Arizona Commerce Authority Given Transparency Recommendations

Media Contacts
Jason Donofrio

Arizona PIRG

On July 1st, 2011, the Arizona Commerce Authority officially will begin operations. The Authority, a quasi-public entity, will replace the Arizona Department of Commerce and dispense taxpayer-funded subsidies to private businesses. Governor Brewer and the Arizona legislature approved this change on February 16, 2011.

The Authority will be overseen by a board chaired by the Governor, but comprised mostly of corporate executives. Despite the mostly private board, the Arizona Commerce Authority will exercise control over use of public dollars, including an annual $25 million “deal-closing fund” designed to attract businesses to relocate to Arizona.

“As the Arizona Commerce Authority prepares to open its doors, it’s important that the Authority includes the highest level of transparency in its operation,” said Serena Unrein, Public Interest Advocate for Arizona PIRG.  “The Arizona Commerce Authority was created to bring more jobs to Arizona, so information on how well the Authority is meeting its goals should be fully open to the public.”

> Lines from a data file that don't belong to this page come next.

lemma graph_hom_node: "graph_hom V E nodes adj node"
  unfolding graph_hom_def
proof (intro conjI allI impI ballI)
  fix v assume "v \<in> V" then show "node v \<in> nodes" unfolding nodes_def by simp
next
  fix u v assume e: "E u v"
  then have uv: "u \<in> V" "v \<in> V" using graph unfolding fin_graph_def by auto
  have "c u \<noteq> c v" using ff e unfolding ff_coloring_def by auto
  then have "node u \<noteq> node v" by (metis node_colour_node)
  moreover obtain k where "k < length Bs" "u \<in> Bs ! k" "v \<in> Bs ! k"
    using decomp e unfolding path_decomp_def by blast
  then have "k \<in> vertex_run u" "k \<in> vertex_run v"
    using uv span by (auto intro: mem_vertex_run)
  then have "k \<in> node_run (node u) \<inter> node_run (node v)" using uv by (simp add: node_run_node)
  ultimately show "adj (node u) (node v)" unfolding adj_def nodes_def using uv by blast
qed

lemma ff_coloring_node_colour: "ff_coloring nodes adj node_colour"
  unfolding ff_coloring_def
proof (intro conjI allI impI ballI)
  fix x assume "x \<in> nodes"
  then show "1 \<le> node_colour x" using ff unfolding nodes_def ff_coloring_def by auto
next
  fix x y assume xy: "adj x y"
  then obtain u v where uv: "u \<in> V" "v \<in> V" "x = node u" "y = node v"
    unfolding adj_def nodes_def by auto
  obtain m where m: "m \<in> vertex_run u" "m \<in> vertex_run v"
    using xy uv unfolding adj_def by (auto simp: node_run_node)
  show "node_colour x \<noteq> node_colour y"
  proof
    assume "node_colour x = node_colour y"
    then have "node u = node v" using uv m by (auto intro: node_eq_if_vertex_runs_meet)
    then show False using xy uv unfolding adj_def by simp
  qed
next
  fix x j assume "x \<in> nodes" and j: "1 \<le> j \<and> j < node_colour x"
  then obtain v where v: "v \<in> V" "x = node v" unfolding nodes_def by auto
  have "1 \<le> j \<and> j < c v" using j v by simp
  then obtain u where "E v u" "c u = j" using ff v(1) unfolding ff_coloring_def by blast
  then have "adj x (node u) \<and> node_colour (node u) = j"
    using graph_hom_node v(2) unfolding graph_hom_def by simp
  then show "\<exists>y. adj x y \<and> node_colour y = j" by blast
qed

lemma node_colour_image: "node_colour ` nodes = c ` V"
  unfolding nodes_def image_image by simp

lemma finite_nodes: "finite nodes"
  using graph unfolding nodes_def fin_graph_def by simp
(* Let $\mathscr{U}\subset\mathbb{C}^n$ be a bounded (nonempty) monomial polyhedron defined by a matrix $B\in M_n(\mathbb{Q})$. Then, after multiplying each row of $B$ by a suitable positive rational number and possibly interchanging two rows (which does not change $\mathscr{U}$), $\mathscr{U}$ is represented by a matrix $B$ satisfying $B\in M_n(\mathbb{Z})$, $\det B>0$, and $B^{-1}\succeq 0$ (all entries of $B^{-1}$ nonnegative). In particular any representing matrix of a bounded monomial polyhedron is invertible.
   Context: For $B\in M_n(\mathbb{Q})$ with rows $b^j$, the monomial polyhedron defined by $B$ is $\mathscr{U}=\{z\in\mathbb{C}^n: \prod_{k}|z_k|^{b^j_k}<1 \text{ for all } j\}$, where $z$ is excluded if some product is undefined due to division by zero (some $z_k=0$ with $b^j_k<0$). Equivalently, with $\rho(z)=(|z_1|,\dots,|z_n|)^T$ and $r^B=(r^{b^1},\dots,r^{b^n})^T$, $r^{b}=\prod_k r_k^{b_k}$, $\mathscr{U}=\{z: \rho(z)^B \text{ defined and } \rho(z)^B\prec \mathbb{1}^T\}$ with $\prec$ elementwise strict order. $\succeq$ denotes elementwise order. *)

theory Defs
  imports "HOL-Analysis.Analysis" "HOL-Combinatorics.Transposition"
begin

text \<open>Real power r^b with rational exponent b, for r \<ge> 0, using the convention 0^0 = 1
  (only used where the monomial is defined, i.e. r > 0 or b \<ge> 0).\<close>
definition qpow :: "real \<Rightarrow> rat \<Rightarrow> real" where
  "qpow r b = (if b = 0 then 1 else r powr (of_rat b))"
(* In the setting of the context, for every fixed $j\ge0$, $$\pi_{i,j}\sim\frac{C^j\pi_{0,0}}{j!}\,i^{j}r_0^{\,i}\qquad\text{as } i\to\infty,$$ where $$C=\frac{q}{\bar q}\cdot\frac{\bar p\mu_hr_0^2+(p\mu_h+\bar p\bar\mu_h)r_0+p\bar\mu_h}{p\bar\mu_h-\bar p\mu_hr_0^2}.$$
   Context: Fix $p,q,\mu_h,\mu_l\in(0,1)$ with $p+q+\mu_h+\mu_l=1$ and $\mu_l\le\mu_h$. For real $x$ write $\bar x=1-x$; let $\rho=p/\mu_h+q/\mu_l$ and assume $\rho<1$. Let $(Q_1(n),Q_2(n))_{n\ge0}$ be the discrete-time Markov chain on $\mathbb{Z}_{\ge0}^2$ (numbers of high- and low-priority customers in a discrete-time preemptive priority queue, early arrival system) whose one-step transition probabilities from $(i,j)$ to $(i+k,j+l)$ are as follows (unlisted transitions have probability $0$). If $i\ge1$, $j\ge0$: $(k,l)=(1,0)$: $p\bar q\bar\mu_h$; $(1,1)$: $pq\bar\mu_h$; $(0,1)$: $pq\mu_h+\bar pq\bar\mu_h$; $(-1,1)$: $\bar pq\mu_h$; $(-1,0)$: $\bar p\bar q\mu_h$; $(0,0)$: $\bar p\bar q\bar\mu_h+p\bar q\mu_h$. If $i=0$, $j\ge1$: $(1,0)$: $p\bar q\bar\mu_h$; $(1,1)$: $pq\bar\mu_h$; $(0,1)$: $pq\mu_h+\bar pq\bar\mu_l$; $(0,-1)$: $\bar p\bar q\mu_l$; $(0,0)$: $\bar p\bar q\bar\mu_l+p\bar q\mu_h+\bar pq\mu_l$. If $(i,j)=(0,0)$: $(1,0)$: $p\bar q\bar\mu_h$; $(1,1)$: $pq\bar\mu_h$; $(0,1)$: $pq\mu_h+\bar pq\bar\mu_l$; $(0,0)$: $\bar p\bar q+p\bar q\mu_h+\bar pq\mu_l$. Let $(\pi_{i,j})_{i,j\ge0}$ be its stationary distribution; $f(n)\sim g(n)$ means $f(n)/g(n)\to1$. Let $r_0=1/x_1(0)$, where $x_1(0)=\frac{1-(p\mu_h+\bar p\bar\mu_h)\bar q+\sqrt{\Delta(0)}}{2p\bar\mu_h\bar q}$ with $\Delta(0)=(p\mu_h-\bar p\bar\mu_h)^2\bar q^2-2(p\mu_h+\bar p\bar\mu_h)\bar q+1>0$ and the positive square root. *)

theory Defs
  imports "HOL-Analysis.Analysis" "HOL-Library.Landau_Symbols"
begin

text \<open>One-step transition probability from state s = (i,j) to state t of the
discrete-time preemptive priority queue (early arrival system).
Unlisted transitions have probability 0.\<close>

definition qtrans :: "real \<Rightarrow> real \<Rightarrow> real \<Rightarrow> real \<Rightarrow> nat \<times> nat \<Rightarrow> nat \<times> nat \<Rightarrow> real" where
  "qtrans p q mh ml s t =
    (let i = fst s; j = snd s;
         k = int (fst t) - int i; l = int (snd t) - int j in
     if i \<ge> 1 then
       (if (k, l) = (1, 0) then p * (1 - q) * (1 - mh)
        else if (k, l) = (1, 1) then p * q * (1 - mh)
        else if (k, l) = (0, 1) then p * q * mh + (1 - p) * q * (1 - mh)
        else if (k, l) = (-1, 1) then (1 - p) * q * mh
        else if (k, l) = (-1, 0) then (1 - p) * (1 - q) * mh
        else if (k, l) = (0, 0) then (1 - p) * (1 - q) * (1 - mh) + p * (1 - q) * mh
        else 0)
     else if j \<ge> 1 then
       (if (k, l) = (1, 0) then p * (1 - q) * (1 - mh)
        else if (k, l) = (1, 1) then p * q * (1 - mh)
        else if (k, l) = (0, 1) then p * q * mh + (1 - p) * q * (1 - ml)
        else if (k, l) = (0, -1) then (1 - p) * (1 - q) * ml
        else if (k, l) = (0, 0) then (1 - p) * (1 - q) * (1 - ml) + p * (1 - q) * mh + (1 - p) * q * ml
        else 0)
     else
       (if (k, l) = (1, 0) then p * (1 - q) * (1 - mh)
        else if (k, l) = (1, 1) then p * q * (1 - mh)
        else if (k, l) = (0, 1) then p * q * mh + (1 - p) * q * (1 - ml)
        else if (k, l) = (0, 0) then (1 - p) * (1 - q) + p * (1 - q) * mh + (1 - p) * q * ml
        else 0))"

definition is_stationary ::
  "real \<Rightarrow> real \<Rightarrow> real \<Rightarrow> real \<Rightarrow> (nat \<Rightarrow> nat \<Rightarrow> real) \<Rightarrow> bool" where
  "is_stationary p q mh ml \<pi> \<longleftrightarrow>
     (\<forall>i j. \<pi> i j \<ge> 0) \<and>
     ((\<lambda>(i, j). \<pi> i j) has_sum 1) UNIV \<and>
     (\<forall>i' j'. ((\<lambda>(i, j). \<pi> i j * qtrans p q mh ml (i, j) (i', j')) has_sum \<pi> i' j') UNIV)"

definition Delta0 :: "real \<Rightarrow> real \<Rightarrow> real \<Rightarrow> real" where
  "Delta0 p q mh = (p * mh - (1 - p) * (1 - mh))^2 * (1 - q)^2
                   - 2 * (p * mh + (1 - p) * (1 - mh)) * (1 - q) + 1"

definition x10 :: "real \<Rightarrow> real \<Rightarrow> real \<Rightarrow> real" where
  "x10 p q mh = (1 - (p * mh + (1 - p) * (1 - mh)) * (1 - q) + sqrt (Delta0 p q mh))
                / (2 * p * (1 - mh) * (1 - q))"

definition r0 :: "real \<Rightarrow> real \<Rightarrow> real \<Rightarrow> real" where
  "r0 p q mh = 1 / x10 p q mh"

definition Cconst :: "real \<Rightarrow> real \<Rightarrow> real \<Rightarrow> real" where
  "Cconst p q mh = (let r = r0 p q mh in
     q / (1 - q) * (((1 - p) * mh * r^2 + (p * mh + (1 - p) * (1 - mh)) * r + p * (1 - mh))
                    / (p * (1 - mh) - (1 - p) * mh * r^2)))"

end

theory Submission
  imports Defs "HOL-Real_Asymp.Real_Asymp"
begin

text \<open>Row j of the balance equations is a second-order linear recurrence in the high-priority
level i, forced by row j - 1; its coefficients are the probabilities a, b, c that this level moves
up, moves down or stays, and the roots of b x^2 - (1 - c) x + a are r0 < 1 < r'. Rescaled by r0^i,
the increments of row j satisfy a first-order recurrence with growth factor r' / r0 > 1, so, pi
being bounded, they are the backward sums of the forcing terms. Row 0 is unforced, hence
pi(i, 0) = pi(0, 0) r0^i. If row j behaves like K i^j r0^i, then by Tannery's theorem the
increments of row j + 1 behave like C K i^j, and Stolz-Cesaro sums them to C K i^(j+1) / (j + 1).\<close>

section \<open>Polynomially weighted sequences\<close>

lemma summable_power_div_geometric:
  fixes t :: real
  assumes "1 < t"
  shows "summable (\<lambda>k. real (Suc k) ^ m / t ^ k)"
proof (rule summable_comparison_test_bigo)
  show "summable (\<lambda>k. norm (inverse (real k ^ 2)))"
    using inverse_power_summable[of 2, where 'a = real] by simp
  show "(\<lambda>k. real (Suc k) ^ m / t ^ k) \<in> O(\<lambda>k. inverse (real k ^ 2))"
    using assms by real_asymp
qed

lemma sums_div_power_Suc:
  fixes t :: real
  assumes "1 < t"
  shows "(\<lambda>k. c / t ^ Suc k) sums (c / (t - 1))"
proof -
  have "(\<lambda>k. c / t * (1 / t) ^ k) sums (c / t * (1 / (1 - 1 / t)))"
    using assms by (intro sums_mult geometric_sums) simp
  then show ?thesis
    using assms by (simp add: field_simps)
qed

lemma power_shift_ratio_le:
  assumes "0 < n"
  shows "real (n + k) ^ m / real n ^ m \<le> real (Suc k) ^ m"
proof -
  have "n + k \<le> n * Suc k"
    using assms by (cases n) auto
  then have "real (n + k) \<le> real n * real (Suc k)"
    by (metis of_nat_mono of_nat_mult)
  then have "real (n + k) ^ m \<le> (real n * real (Suc k)) ^ m"
    by (intro power_mono) auto
  then show ?thesis
    using assms by (simp add: divide_le_eq power_mult_distrib mult.commute)
qed

lemma tendsto_shift_div_power:
  fixes X :: "nat \<Rightarrow> real"
  assumes "(\<lambda>n. X n / real n ^ m) \<longlonglongrightarrow> K"
  shows "(\<lambda>n. X (n + k) / real n ^ m) \<longlonglongrightarrow> K"
proof -
  have "(\<lambda>n. X (n + k) / real (n + k) ^ m * (real (n + k) ^ m / real n ^ m)) \<longlonglongrightarrow> K * 1"
    by (intro tendsto_mult LIMSEQ_ignore_initial_segment assms) real_asymp
  moreover have "\<forall>\<^sub>F n in sequentially.
      X (n + k) / real (n + k) ^ m * (real (n + k) ^ m / real n ^ m) = X (n + k) / real n ^ m"
    using eventually_gt_at_top[of 0] by eventually_elim simp
  ultimately show ?thesis
    by (simp add: Lim_transform_eventually)
qed

lemma tendsto_rescaled_three_term:
  fixes w :: "nat \<Rightarrow> real"
  assumes "r \<noteq> 0" and w: "(\<lambda>n. w n / r ^ n / real n ^ m) \<longlonglongrightarrow> K"
  shows "(\<lambda>n. (\<alpha> * w n + \<beta> * w (Suc n) + \<gamma> * w (Suc (Suc n))) / r ^ Suc (Suc n) / real n ^ m)
    \<longlonglongrightarrow> (\<alpha> / r\<^sup>2 + \<beta> / r + \<gamma>) * K"
proof -
  have shifted: "(\<lambda>n. w (n + k) / r ^ (n + k) / real n ^ m) \<longlonglongrightarrow> K" for k
    using tendsto_shift_div_power[of "\<lambda>n. w n / r ^ n", OF w] by simp
  have "(\<lambda>n. \<alpha> / r\<^sup>2 * (w (n + 0) / r ^ (n + 0) / real n ^ m)
      + \<beta> / r * (w (n + 1) / r ^ (n + 1) / real n ^ m)
      + \<gamma> * (w (n + 2) / r ^ (n + 2) / real n ^ m)) \<longlonglongrightarrow> \<alpha> / r\<^sup>2 * K + \<beta> / r * K + \<gamma> * K"
    by (intro tendsto_add tendsto_mult[OF tendsto_const shifted])
  moreover have "\<alpha> / r\<^sup>2 * (w (n + 0) / r ^ (n + 0) / real n ^ m)
      + \<beta> / r * (w (n + 1) / r ^ (n + 1) / real n ^ m)
      + \<gamma> * (w (n + 2) / r ^ (n + 2) / real n ^ m)
    = (\<alpha> * w n + \<beta> * w (Suc n) + \<gamma> * w (Suc (Suc n))) / r ^ Suc (Suc n) / real n ^ m" for n
  proof -
    have "\<alpha> / r\<^sup>2 * (w n / r ^ n * z) + \<beta> / r * (w (n + 1) / r ^ (n + 1) * z)
        + \<gamma> * (w (n + 2) / r ^ (n + 2) * z)
      = (\<alpha> * w n + \<beta> * w (Suc n) + \<gamma> * w (Suc (Suc n))) / r ^ Suc (Suc n) * z" for z
      using \<open>r \<noteq> 0\<close> by (simp add: field_simps power2_eq_square)
    from this[of "inverse (real n ^ m)"] show ?thesis
      by (simp add: divide_inverse)
  qed
  moreover have "\<alpha> / r\<^sup>2 * K + \<beta> / r * K + \<gamma> * K = (\<alpha> / r\<^sup>2 + \<beta> / r + \<gamma>) * K"
    by (simp add: algebra_simps)
  ultimately show ?thesis
    by simp
qed

lemma power_Suc_difference_asymptotics:
  "(\<lambda>n. (real (Suc n) ^ Suc m - real n ^ Suc m) / real n ^ m) \<longlonglongrightarrow> real (Suc m)"
proof -
  have "(\<lambda>n. \<Sum>p<Suc m. real (Suc n) ^ p / real n ^ p) \<longlonglongrightarrow> (\<Sum>p<Suc m. 1)"
    by (intro tendsto_sum) real_asymp
  moreover have "\<forall>\<^sub>F n in sequentially. (\<Sum>p<Suc m. real (Suc n) ^ p / real n ^ p)
      = (real (Suc n) ^ Suc m - real n ^ Suc m) / real n ^ m"
    using eventually_gt_at_top[of 0]
  proof eventually_elim
    case (elim n)
    have "(\<Sum>p<Suc m. real (Suc n) ^ p / real n ^ p)
        = (\<Sum>p<Suc m. real (Suc n) ^ p * real n ^ (m - p)) / real n ^ m"
    proof (unfold sum_divide_distrib, intro sum.cong refl)
      fix p
      assume "p \<in> {..<Suc m}"
      then have "real n ^ m = real n ^ p * real n ^ (m - p)"
        by (simp flip: power_add)
      then show "real (Suc n) ^ p / real n ^ p = real (Suc n) ^ p * real n ^ (m - p) / real n ^ m"
        using elim by simp
    qed
    also have "\<dots> = (real (Suc n) ^ Suc m - real n ^ Suc m) / real n ^ m"
      using diff_power_eq_sum[of "real (Suc n)" m "real n"] by simp
    finally show ?case .
  qed
  ultimately show ?thesis
    by (simp add: Lim_transform_eventually)
qed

To achieve transparency for the Arizona Commerce Authority, Arizona PIRG recommended implementing these safeguards to protect the public interest:

  1. Rules should prohibit companies from making decisions to hand out taxpayer-financed subsidies for their own related industries or affiliated companies.
  2. All meetings of the Arizona Commerce Authority should be fully public, with agenda items published online in advance of meetings and minutes posted online. 
  3. The Arizona Commerce Authority should abide by existing public open records and public open meeting laws. Authority documents should be subject to the Freedom of Information Act (FOIA).
  4. The public should be allowed to see what companies receive public subsidies and the amount of each subsidy, along with the goals and benchmarks intended with that expenditure. Companies receiving public subsidies should be required to report on the number of full-time-equivalent jobs promised and actually created, along with other results promised and delivered.
  5. The Authority should list in an easily accessible online format the companies claiming money through the “deal-closing fund.” Ideally, this spending of public funds would be listed at Arizona OpenBooks, the state’s official transparency website. To discern whether business is being attracted to Arizona instead of merely lured across local lines, the website should state where the businesses had been located previously. Reporting should include the actual results leveraged as a product of the grant.

“Without adequate oversight, there is the potential for waste and abuse when public funds are given to private entities,” stated Unrein. “The public has a right to know how the Authority is doling out our tax dollars.”